▶ _WORK ITEM_
Look through the entries below. Report each line that has the word "respect" in it.

Collected data entries
(* For any $n<\omega$, a partial type $p(x)$ has dp-rank $\le n$ if and only if, for every formula $\varphi(x;y)$, the local dp-rank of $\varphi$ with respect to $p$ is $\le n$.
   Context: $T$ is a complete first-order theory and $\mathfrak{C}$ a monster model; $\mathfrak{C}_y$ denotes the $|y|$-tuples from $\mathfrak{C}$. "Indiscernible sequence" means an order-indiscernible (over $\emptyset$) sequence. For $C\subseteq\mathbb{R}$, $\sim_C$ is the equivalence relation on $\mathbb{Q}$ given by $i\sim_C j$ iff for all $c\in C$, ($c\le i \Leftrightarrow c\le j$) and ($i\le c\Leftrightarrow j\le c$). A partial type $p(x)$ has dp-rank $\le n$ if for every $a\models p$ and every indiscernible sequence $\langle b_i: i\in\mathbb{Q}\rangle$ (of tuples of any finite length) there is $C\subseteq\mathbb{R}$ with $|C|\le n$ such that for all $i,j\in\mathbb{Q}$ with $i\sim_C j$, $\mathrm{tp}(b_i/a)=\mathrm{tp}(b_j/a)$. The local dp-rank of a formula $\varphi(x;y)$ with respect to $p$ is $\le n$ if for every $a\models p$ and every indiscernible sequence $\langle b_i: i\in\mathbb{Q}\rangle$ in $\mathfrak{C}_y$ there is $C\subseteq\mathbb{R}$ with $|C|\le n$ such that for all $i,j\in\mathbb{Q}$ with $i\sim_C j$, $\models \varphi(a;b_i)\leftrightarrow\varphi(a;b_j)$. *)

theory Defs
  imports Complex_Main
begin

text \<open>A first-order language: function symbols of type 'f and relation symbols
of type 'r; each symbol may be applied to argument lists of any length (so the
language is {(f,n)} for f of type 'f and n a natural number, similarly for relations).\<close>

datatype 'f trm = Var nat | App 'f "'f trm list"

datatype ('f, 'r) fm =
    FF
  | Eq "'f trm" "'f trm"
  | Rel 'r "'f trm list"
  | Neg "('f, 'r) fm"
  | Conj "('f, 'r) fm" "('f, 'r) fm"
  | Ex nat "('f, 'r) fm"

record ('a, 'f, 'r) fo_struct =
  univ :: "'a set"
  funs :: "'f \<Rightarrow> 'a list \<Rightarrow> 'a"
  rels :: "'r \<Rightarrow> 'a list \<Rightarrow> bool"

definition is_structure :: "('a, 'f, 'r) fo_struct \<Rightarrow> bool" where
  "is_structure M \<longleftrightarrow> univ M \<noteq> {} \<and>
     (\<forall>f as. set as \<subseteq> univ M \<longrightarrow> funs M f as \<in> univ M)"

fun tvars :: "'f trm \<Rightarrow> nat set" where
  "tvars (Var i) = {i}"
| "tvars (App f ts) = (\<Union>t\<in>set ts. tvars t)"

fun fv :: "('f, 'r) fm \<Rightarrow> nat set" where
  "fv FF = {}"
| "fv (Eq s t) = tvars s \<union> tvars t"
| "fv (Rel r ts) = (\<Union>t\<in>set ts. tvars t)"
| "fv (Neg \<phi>) = fv \<phi>"
| "fv (Conj \<phi> \<psi>) = fv \<phi> \<union> fv \<psi>"
| "fv (Ex x \<phi>) = fv \<phi> - {x}"

fun teval :: "('a, 'f, 'r) fo_struct \<Rightarrow> (nat \<Rightarrow> 'a) \<Rightarrow> 'f trm \<Rightarrow> 'a" where
  "teval M e (Var i) = e i"
| "teval M e (App f ts) = funs M f (map (teval M e) ts)"

fun sat :: "('a, 'f, 'r) fo_struct \<Rightarrow> (nat \<Rightarrow> 'a) \<Rightarrow> ('f, 'r) fm \<Rightarrow> bool" where
  "sat M e FF = False"
| "sat M e (Eq s t) = (teval M e s = teval M e t)"
| "sat M e (Rel r ts) = rels M r (map (teval M e) ts)"
| "sat M e (Neg \<phi>) = (\<not> sat M e \<phi>)"
| "sat M e (Conj \<phi> \<psi>) = (sat M e \<phi> \<and> sat M e \<psi>)"
| "sat M e (Ex x \<phi>) = (\<exists>d\<in>univ M. sat M (e(x := d)) \<phi>)"

text \<open>Satisfaction of a formula under the assignment of the tuple (list) as to the
variables 0, ..., length as - 1.  It is only used for formulas whose free variables
lie among these, so the value given to the remaining variables is irrelevant.\<close>

definition env :: "('a, 'f, 'r) fo_struct \<Rightarrow> 'a list \<Rightarrow> nat \<Rightarrow> 'a" where
  "env M as = (\<lambda>i. if i < length as then as ! i else (SOME d. d \<in> univ M))"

▶ _WRITTEN RESPONSE_
(* For any $n<\omega$, a partial type $p(x)$ has dp-rank $\le n$ if and only if, for every formula $\varphi(x;y)$, the local dp-rank of $\varphi$ with respect to $p$ is $\le n$.
   Context: $T$ is a complete first-order theory and $\mathfrak{C}$ a monster model; $\mathfrak{C}_y$ denotes the $|y|$-tuples from $\mathfrak{C}$. "Indiscernible sequence" means an order-indiscernible (over $\emptyset$) sequence. For $C\subseteq\mathbb{R}$, $\sim_C$ is the equivalence relation on $\mathbb{Q}$ given by $i\sim_C j$ iff for all $c\in C$, ($c\le i \Leftrightarrow c\le j$) and ($i\le c\Leftrightarrow j\le c$). A partial type $p(x)$ has dp-rank $\le n$ if for every $a\models p$ and every indiscernible sequence $\langle b_i: i\in\mathbb{Q}\rangle$ (of tuples of any finite length) there is $C\subseteq\mathbb{R}$ with $|C|\le n$ such that for all $i,j\in\mathbb{Q}$ with $i\sim_C j$, $\mathrm{tp}(b_i/a)=\mathrm{tp}(b_j/a)$. The local dp-rank of a formula $\varphi(x;y)$ with respect to $p$ is $\le n$ if for every $a\models p$ and every indiscernible sequence $\langle b_i: i\in\mathbb{Q}\rangle$ in $\mathfrak{C}_y$ there is $C\subseteq\mathbb{R}$ with $|C|\le n$ such that for all $i,j\in\mathbb{Q}$ with $i\sim_C j$, $\models \varphi(a;b_i)\leftrightarrow\varphi(a;b_j)$. *)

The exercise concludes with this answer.